The cause of this deplorable lack, of psychological knowledge by the medical profession is owing to the want of a good system of clinical lectures upon mental disease in the wards of lunatic asylums and the fact that insanity is not a compulsory subject for examination by any of the medical corporations.

FEIGNED INSANITY. (1884, April 19). Queenscliff Sentinel, Drysdale, … (Vic. : 1882 – 1884), p. 3.

 Some well known feigners of lunacy:

Shakespeare’s Hamlet feigns madness in order to speak freely and gain revenge.

Horatio refers to Hamlet’s state of mind: ‘He waxes desperate with imagination’. Is he mad or is he just distraught with his father’s death.



Odysseus did not want to join an expedition to rescue Helen who had been abducted by Paris of Troy. An oracle had informed him that if he participated, it would take him a long time to return home. Odysseus feigned madness by yoking a horse and an ox to his plow and sowing salt or plowing the beach.








In the movie ‘One Flew Over the Cuckoo’s Nest’, Randle McMurphy feigns insanity in order to serve out his criminal sentence in a mental hospital rather than a prison.

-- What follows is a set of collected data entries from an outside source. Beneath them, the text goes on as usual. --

lemma PD_carrier_eq_pd_join_coyoneda:
  assumes S: "qpreord S" and l: "l \<in> PD_carrier S"
  shows "l = pd_join S (fst l) (carr S) (\<lambda>y. pd_scal S (coyoneda S y) (fst l) (snd l y))"
proof (rule PD_carrier_eqI[OF l pd_join_carrier])
  fix y assume y: "y \<in> carr S"
  show "pd_scal S (coyoneda S y) (fst l) (snd l y) \<in> PD_carrier S"
    using pd_scal_carrier[OF coyoneda_carrier[OF S y]] PD_carrier_DQ[OF l y]
    by (simp add: coyoneda_simps)
next
  fix x assume x: "x \<in> carr S"
  show "snd l x = snd (pd_join S (fst l) (carr S) (\<lambda>y. pd_scal S (coyoneda S y) (fst l) (snd l y))) x"
    using PD_carrier_eq_SUP[OF S l x] x
    by (simp add: pd_join_simps pd_scal_simps coyoneda_simps cong: SUP_cong)
qed (simp_all add: pd_scal_simps pd_join_simps)

lemma pd_scal_eq_pd_join_coyoneda:
  assumes S: "qpreord S" and l: "l \<in> PD_carrier S" and v: "v \<in> DQ q (fst l)"
  shows "pd_scal S l q v
    = pd_join S q (carr S) (\<lambda>y. pd_scal S (coyoneda S y) q (rdiv (snd l y) (fst l) * v))"
proof -
  have "pd_scal S l q v
      = pd_scal S (pd_join S (fst l) (carr S) (\<lambda>y. pd_scal S (coyoneda S y) (fst l) (snd l y))) q v"
    using PD_carrier_eq_pd_join_coyoneda[OF S l] by (rule arg_cong[where f="\<lambda>l'. pd_scal S l' q v"])
  also have "\<dots> = pd_join S q (carr S)
      (\<lambda>y. pd_scal S (pd_scal S (coyoneda S y) (fst l) (snd l y)) q v)"
    using PD_carrier_DQ[OF l] coyoneda_carrier[OF S] v
    by (intro pd_scal_pd_join) (auto intro: pd_scal_carrier simp: pd_scal_simps coyoneda_simps)
  also have "\<dots> = pd_join S q (carr S) (\<lambda>y. pd_scal S (coyoneda S y) q (rdiv (snd l y) (fst l) * v))"
    using PD_carrier_DQ[OF l] v by (intro pd_join_cong) (simp add: pd_scal_pd_scal coyoneda_simps)
  finally show ?thesis .
qed

subsection \<open>Adjunctions\<close>

lemma qmap_umono: "qmap S T f \<Longrightarrow> umono S T f"
  unfolding qmap_def umono_def uleq_def by (metis order_trans)

lemma qadjoint_iff_uadjoint:
  assumes "qmap S T f" "qmap T S g"
  shows "qadjoint S T f g \<longleftrightarrow> uadjoint S T f g"
  using assms qmap_umono[OF assms(1)] qmap_umono[OF assms(2)]
  by (auto simp: qadjoint_def qleq_map_def uadjoint_def uleq_def qmap_def)

locale pd_adjunction =
  fixes X :: "('a, 'q::unital_quantale) qfset" and Y :: "('b, 'q) qfset"
    and f :: "'q \<times> ('a \<Rightarrow> 'q) \<Rightarrow> 'q \<times> ('b \<Rightarrow> 'q)"
    and g :: "'q \<times> ('b \<Rightarrow> 'q) \<Rightarrow> 'q \<times> ('a \<Rightarrow> 'q)"
  assumes g_qmap: "qmap (PD Y) (PD X) g"
    and uadjoint: "uadjoint (PD X) (PD Y) f g"
begin

lemma g_carrier: "mu \<in> PD_carrier Y \<Longrightarrow> g mu \<in> PD_carrier X"
  using g_qmap by (simp add: qmap_def)

lemma g_fst: "mu \<in> PD_carrier Y \<Longrightarrow> fst (g mu) = fst mu"
  using g_qmap by (simp add: qmap_def)

lemma f_carrier: "lam \<in> PD_carrier X \<Longrightarrow> f lam \<in> PD_carrier Y"
  using uadjoint by (simp add: uadjoint_def umono_def)

lemma unit: "lam \<in> PD_carrier X \<Longrightarrow> uleq (PD X) lam (g (f lam))"
  using uadjoint by (simp add: uadjoint_def)

lemma counit: "mu \<in> PD_carrier Y \<Longrightarrow> uleq (PD Y) (f (g mu)) mu"
  using uadjoint by (simp add: uadjoint_def)

lemma f_fst: "lam \<in> PD_carrier X \<Longrightarrow> fst (f lam) = fst lam"
  using unit g_fst f_carrier by (simp add: uleq_def)

lemma f_mono:
  "a \<in> PD_carrier X \<Longrightarrow> b \<in> PD_carrier X \<Longrightarrow> uleq (PD X) a b \<Longrightarrow> uleq (PD Y) (f a) (f b)"
  using uadjoint by (simp add: uadjoint_def umono_def)

lemma g_mono:
  "a \<in> PD_carrier Y \<Longrightarrow> b \<in> PD_carrier Y \<Longrightarrow> uleq (PD Y) a b \<Longrightarrow> uleq (PD X) (g a) (g b)"
  using uadjoint by (simp add: uadjoint_def umono_def)

lemma galois:
  assumes a: "a \<in> PD_carrier X" and b: "b \<in> PD_carrier Y"
  shows "uleq (PD X) a (g b) \<longleftrightarrow> uleq (PD Y) (f a) b"
proof
  assume "uleq (PD X) a (g b)"
  then have "uleq (PD Y) (f a) (f (g b))" by (rule f_mono[OF a g_carrier[OF b]])
  then show "uleq (PD Y) (f a) b"
    by (rule uleq_PD_trans[OF f_carrier[OF g_carrier[OF b]] b _ counit[OF b]])
next
  assume "uleq (PD Y) (f a) b"
  then have "uleq (PD X) (g (f a)) (g b)" by (rule g_mono[OF f_carrier[OF a] b])
  then show "uleq (PD X) a (g b)"
    by (rule uleq_PD_trans[OF g_carrier[OF f_carrier[OF a]] g_carrier[OF b] unit[OF a]])
qed

lemma g_pd_join:
  assumes mus: "\<And>i. i \<in> I \<Longrightarrow> mus i \<in> PD_carrier Y" "\<And>i. i \<in> I \<Longrightarrow> fst (mus i) = q"
  shows "g (pd_join Y q I mus) = pd_join X q I (\<lambda>i. g (mus i))"
proof (rule PD_carrier_eq_if_same_lower_bounds)
  show "g (pd_join Y q I mus) \<in> PD_carrier X" by (rule g_carrier[OF pd_join_carrier[OF mus]])
  show "pd_join X q I (\<lambda>i. g (mus i)) \<in> PD_carrier X"
    using mus by (intro pd_join_carrier) (simp_all add: g_carrier g_fst)
  fix a assume a: "a \<in> PD_carrier X"
  have "uleq (PD X) a (g (pd_join Y q I mus)) \<longleftrightarrow> uleq (PD Y) (f a) (pd_join Y q I mus)"
    by (rule galois[OF a pd_join_carrier[OF mus]])
  also have "\<dots> \<longleftrightarrow> fst a = q \<and> (\<forall>i\<in>I. uleq (PD Y) (f a) (mus i))"
    by (simp add: uleq_pd_join_iff[OF mus] f_fst[OF a])
  also have "\<dots> \<longleftrightarrow> fst a = q \<and> (\<forall>i\<in>I. uleq (PD X) a (g (mus i)))"
    using galois[OF a] mus(1) by auto
  also have "\<dots> \<longleftrightarrow> uleq (PD X) a (pd_join X q I (\<lambda>i. g (mus i)))"
    using mus by (simp add: uleq_pd_join_iff g_carrier g_fst)
  finally show "uleq (PD X) a (g (pd_join Y q I mus))
      \<longleftrightarrow> uleq (PD X) a (pd_join X q I (\<lambda>i. g (mus i)))" .
qed

lemma f_qmap_if_g_pd_scal:
  assumes scal: "\<And>l q v. l \<in> PD_carrier Y \<Longrightarrow> v \<in> DQ q (fst l) \<Longrightarrow>
      g (pd_scal Y l q v) = pd_scal X (g l) q v"
  shows "qmap (PD X) (PD Y) f"
proof -
  have "PD_rel X lam lam' \<le> PD_rel Y (f lam) (f lam')"
    if lam: "lam \<in> PD_carrier X" and lam': "lam' \<in> PD_carrier X" for lam lam'
  proof -
    define p where "p = fst lam"
    define r where "r = PD_rel X lam lam'"
    define nu where "nu = pd_scal X lam' p r"
    have r: "r \<in> DQ p (fst lam')" unfolding p_def r_def by (rule PD_rel_DQ)
    have nu: "nu \<in> PD_carrier X" unfolding nu_def by (rule pd_scal_carrier[OF lam' r])
    have r_f: "r \<in> DQ p (fst (f lam'))" using r f_fst[OF lam'] by simp
    have r_gf: "r \<in> DQ p (fst (g (f lam')))" using r_f g_fst[OF f_carrier[OF lam']] by simp
    have f_lam': "f lam' \<in> PD_carrier Y" by (rule f_carrier[OF lam'])
    have "uleq (PD X) lam nu"
      unfolding nu_def using uleq_pd_scal_iff[OF lam' r] p_def r_def by simp
    then have f_lam_nu: "uleq (PD Y) (f lam) (f nu)" by (rule f_mono[OF lam nu])
    have "r \<le> PD_rel X nu lam'"
      using uleq_pd_scal_iff[OF lam' r, of nu] uleq_PD_refl[OF nu] unfolding nu_def by simp
    also have "\<dots> \<le> PD_rel X nu (g (f lam'))" by (rule PD_rel_right_mono[OF unit[OF lam']])
    finally have "uleq (PD X) nu (pd_scal X (g (f lam')) p r)"
      using uleq_pd_scal_iff[OF g_carrier[OF f_lam'] r_gf] by (simp add: nu_def pd_scal_simps)
    then have "uleq (PD X) nu (g (pd_scal Y (f lam') p r))" by (simp add: scal[OF f_lam' r_f])
    then have "uleq (PD Y) (f nu) (pd_scal Y (f lam') p r)"
      using galois[OF nu pd_scal_carrier[OF f_lam' r_f]] by simp
    with f_lam_nu have "uleq (PD Y) (f lam) (pd_scal Y (f lam') p r)"
      by (rule uleq_PD_trans[OF f_carrier[OF nu] pd_scal_carrier[OF f_lam' r_f]])
    then show ?thesis using uleq_pd_scal_iff[OF f_lam' r_f] r_def by simp
  qed
  then show ?thesis using f_carrier f_fst by (simp add: qmap_def)
qed

lemma PD_rel_g_eq_PD_rel_f:
  assumes f_qmap: "qmap (PD X) (PD Y) f"
    and lam: "lam \<in> PD_carrier X" and mu: "mu \<in> PD_carrier Y"
  shows "PD_rel X lam (g mu) = PD_rel Y (f lam) mu"
proof (rule order_antisym)
  have "PD_rel X lam (g mu) \<le> PD_rel Y (f lam) (f (g mu))"
    using f_qmap lam g_carrier[OF mu] by (simp add: qmap_def)
  also have "\<dots> \<le> PD_rel Y (f lam) mu" by (rule PD_rel_right_mono[OF counit[OF mu]])
  finally show "PD_rel X lam (g mu) \<le> PD_rel Y (f lam) mu" .
  have "PD_rel Y (f lam) mu \<le> PD_rel X (g (f lam)) (g mu)"
    using g_qmap f_carrier[OF lam] mu by (simp add: qmap_def)
  also have "\<dots> \<le> PD_rel X lam (g mu)" by (rule PD_rel_left_antimono[OF unit[OF lam]])
  finally show "PD_rel Y (f lam) mu \<le> PD_rel X lam (g mu)" .
qed

lemma g_pd_scal_if_f_qmap:
  assumes f_qmap: "qmap (PD X) (PD Y) f"
    and l: "l \<in> PD_carrier Y" and v: "v \<in> DQ q (fst l)"
  shows "g (pd_scal Y l q v) = pd_scal X (g l) q v"
proof (rule PD_carrier_eq_if_same_lower_bounds)
  have v': "v \<in> DQ q (fst (g l))" using v g_fst[OF l] by simp
  show "g (pd_scal Y l q v) \<in> PD_carrier X" by (rule g_carrier[OF pd_scal_carrier[OF l v]])
  show "pd_scal X (g l) q v \<in> PD_carrier X" by (rule pd_scal_carrier[OF g_carrier[OF l] v'])
  fix a assume a: "a \<in> PD_carrier X"
  have "uleq (PD X) a (g (pd_scal Y l q v)) \<longleftrightarrow> uleq (PD Y) (f a) (pd_scal Y l q v)"
    by (rule galois[OF a pd_scal_carrier[OF l v]])
  also have "\<dots> \<longleftrightarrow> fst a = q \<and> v \<le> PD_rel Y (f a) l"
    by (simp add: uleq_pd_scal_iff[OF l v] f_fst[OF a])
  also have "\<dots> \<longleftrightarrow> fst a = q \<and> v \<le> PD_rel X a (g l)"
    by (simp add: PD_rel_g_eq_PD_rel_f[OF f_qmap a l])
  also have "\<dots> \<longleftrightarrow> uleq (PD X) a (pd_scal X (g l) q v)"
    by (simp add: uleq_pd_scal_iff[OF g_carrier[OF l] v'])
  finally show "uleq (PD X) a (g (pd_scal Y l q v)) \<longleftrightarrow> uleq (PD X) a (pd_scal X (g l) q v)" .
qed
lemma (in finite_measure) measure_le_lim_if_eventually_mem:
  assumes "A \<in> sets M" "\<And>n. B n \<in> sets M"
    and "\<And>\<omega>. \<omega> \<in> A \<Longrightarrow> eventually (\<lambda>n. \<omega> \<in> B n) sequentially"
    and "(\<lambda>n. measure M (B n)) \<longlonglongrightarrow> m"
  shows "measure M A \<le> m"
proof -
  define C where "C N = A \<inter> (\<Inter>k. B (N + k))" for N
  have C_sets: "C N \<in> sets M" for N
    unfolding C_def using assms(1,2) by auto
  have "incseq C"
    by (rule incseq_SucI) (auto simp: C_def, metis add_Suc_right)
  moreover have "(\<Union>N. C N) = A"
  proof (intro equalityI subsetI)
    fix \<omega> assume "\<omega> \<in> A"
    then obtain N where "\<forall>n\<ge>N. \<omega> \<in> B n"
      using assms(3) unfolding eventually_sequentially by blast
    with \<open>\<omega> \<in> A\<close> have "\<omega> \<in> C N" by (simp add: C_def)
    then show "\<omega> \<in> (\<Union>N. C N)" by blast
  qed (auto simp: C_def)
  ultimately have lim: "(\<lambda>N. measure M (C N)) \<longlonglongrightarrow> measure M A"
    using finite_Lim_measure_incseq[of C] C_sets by auto
  have "measure M (C N) \<le> m" for N
  proof (rule LIMSEQ_le_const[OF assms(4)], intro exI allI impI)
    fix n assume "N \<le> n"
    then have "C N \<subseteq> B n" unfolding C_def by clarsimp (metis le_add_diff_inverse)
    then show "measure M (C N) \<le> measure M (B n)" by (rule finite_measure_mono) (rule assms(2))
  qed
  then show ?thesis by (intro LIMSEQ_le_const2[OF lim]) auto
qed

lemma (in finite_measure) measure_preimage_open_seq_lsc:
  fixes g :: "'a \<Rightarrow> 'b::topological_space \<Rightarrow> 'c::topological_space"
  assumes "\<And>\<omega>. \<omega> \<in> space M \<Longrightarrow> continuous_on UNIV (g \<omega>)" "open V"
    and "\<And>x. {\<omega>\<in>space M. g \<omega> x \<in> V} \<in> sets M"
    and "xs \<longlonglongrightarrow> l" "(\<lambda>n. measure M {\<omega>\<in>space M. g \<omega> (xs n) \<in> V}) \<longlonglongrightarrow> m"
  shows "measure M {\<omega>\<in>space M. g \<omega> l \<in> V} \<le> m"
proof (rule measure_le_lim_if_eventually_mem[where B = "\<lambda>n. {\<omega>\<in>space M. g \<omega> (xs n) \<in> V}"])
  show "(\<lambda>n. measure M {\<omega>\<in>space M. g \<omega> (xs n) \<in> V}) \<longlonglongrightarrow> m"
    by (fact assms(5))
next
  fix \<omega> assume \<omega>: "\<omega> \<in> {\<omega>\<in>space M. g \<omega> l \<in> V}"
  then have "continuous_on UNIV (g \<omega>)"
    using assms(1) by simp
  then have "(\<lambda>n. g \<omega> (xs n)) \<longlonglongrightarrow> g \<omega> l"
    using continuous_on_tendsto_compose[OF _ assms(4), of UNIV "g \<omega>"] by simp
  then have "eventually (\<lambda>n. g \<omega> (xs n) \<in> V) sequentially"
    using \<omega> by (intro topological_tendstoD[OF _ assms(2)]) auto
  then show "eventually (\<lambda>n. \<omega> \<in> {\<omega>\<in>space M. g \<omega> (xs n) \<in> V}) sequentially"
    by eventually_elim (use \<omega> in auto)
qed (use assms(3) in auto)

lemma open_ln_less: "open {x::real. ln x < R}"
proof -
  \<comment> \<open>\<open>ln\<close> is even and \<open>ln 0 = 0\<close>, so this set is \<open>|x| < exp R\<close>, minus \<open>0\<close> when \<open>R \<le> 0\<close>\<close>
  have "ln x < R \<longleftrightarrow> \<bar>x\<bar> < exp R \<and> (0 < R \<or> x \<noteq> 0)" for x
    by (cases "x = 0") (auto simp: abs_raw_ln[symmetric] ln_less_cancel_iff[symmetric])
  then have "{x::real. ln x < R} = {x. \<bar>x\<bar> < exp R} \<inter> {x. 0 < R \<or> x \<noteq> 0}"
    by auto
  also have "open \<dots>"
    by (cases "0 < R") (auto intro!: open_Collect_less open_Collect_neq continuous_on_rabs continuous_on_id continuous_on_const)
  finally show ?thesis .
qed

lemma logdet_rate_less_iff:
  "logdet_rate H Q < R \<longleftrightarrow> Re (det (mat 1 + conj_transpose H ** Q ** H)) \<in> {x. ln x < R}"
  by (simp add: logdet_rate_def)

lemma measurable_logdet_rate_less:
  fixes H :: "'a \<Rightarrow> complex^'r^'t" and Q :: "complex^'t^'t"
  assumes "H \<in> borel_measurable M"
  shows "{\<omega>\<in>space M. logdet_rate (H \<omega>) Q < R} \<in> sets M"
proof -
  have "(\<lambda>X. Re (det (mat 1 + conj_transpose (X::complex^'r^'t) ** Q ** X))) \<in> borel_measurable borel"
    by (intro borel_measurable_continuous_onI continuous_intros)
  then have "(\<lambda>\<omega>. Re (det (mat 1 + conj_transpose (H \<omega>) ** Q ** H \<omega>))) \<in> borel_measurable M"
    using assms by (rule measurable_compose[rotated])
  then show ?thesis unfolding logdet_rate_def by measurable
qed

theorem proposition1:
  fixes M :: "'a measure" and H :: "'a \<Rightarrow> complex^'r^'t" and \<rho> :: real
  assumes "prob_space M"
    and "H \<in> borel_measurable M"
    and "(\<integral>\<^sup>+ \<omega>. ennreal ((frob_norm (H \<omega>))\<^sup>2) \<partial>M) < \<infinity>"
    and "absolutely_continuous lborel (distr M borel H)"
    and "\<rho> > 0"
  shows "\<forall>R::real. R \<ge> 0 \<longrightarrow>
    (\<exists>Q0\<in>U_set \<rho>. measure M {\<omega>\<in>space M. logdet_rate (H \<omega>) Q0 < R}
        = (INF Q\<in>U_set \<rho>. measure M {\<omega>\<in>space M. logdet_rate (H \<omega>) Q < R}))"
proof (intro allI impI)
  fix R :: real
  interpret prob_space M by fact
  let ?g = "\<lambda>\<omega> Q. Re (det (mat 1 + conj_transpose (H \<omega>) ** Q ** H \<omega>))"
  have sets: "{\<omega>\<in>space M. ?g \<omega> Q \<in> {x. ln x < R}} \<in> sets M" for Q
    using measurable_logdet_rate_less[OF assms(2)] by (simp add: logdet_rate_less_iff)
  have lsc: "measure M {\<omega>\<in>space M. ?g \<omega> l \<in> {x. ln x < R}} \<le> m"
    if "Qs \<longlonglongrightarrow> l" "(\<lambda>n. measure M {\<omega>\<in>space M. ?g \<omega> (Qs n) \<in> {x. ln x < R}}) \<longlonglongrightarrow> m"
    for Qs l m
    by (rule measure_preimage_open_seq_lsc[OF _ open_ln_less sets that]) (intro continuous_intros)
  show "\<exists>Q0\<in>U_set \<rho>. measure M {\<omega>\<in>space M. logdet_rate (H \<omega>) Q0 < R}
        = (INF Q\<in>U_set \<rho>. measure M {\<omega>\<in>space M. logdet_rate (H \<omega>) Q < R})"
    unfolding logdet_rate_less_iff using zero_in_U_set[of \<rho>] assms(5)
    by (intro compact_attains_Inf_if_seq_lsc compact_U_set lsc) (auto intro: bdd_belowI[of _ 0])
qed

end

In Henry IV, the main character falls off his horse while playing the role of Henry IV during carnevale festivities. After he comes to, he believes himself to be Henry. For the next twenty years, his family maintain an elaborate charade. Henry eventually declares that he is not truly mad as he has preferred to stay as he was rather than live in the 20th century.


In ‘Goodbyeee’, the last episode of BBC sitcom Blackadder, Blackadder feigns madness to try to avoid being sent into battle.

Video Clip: Blackadder feigns madness with “wibble”


In the TV series ‘M*A*S*H’ Corporal Max Klinger dresses as a woman and behaves weirdly in continual attempts to be sent home from the Korean War.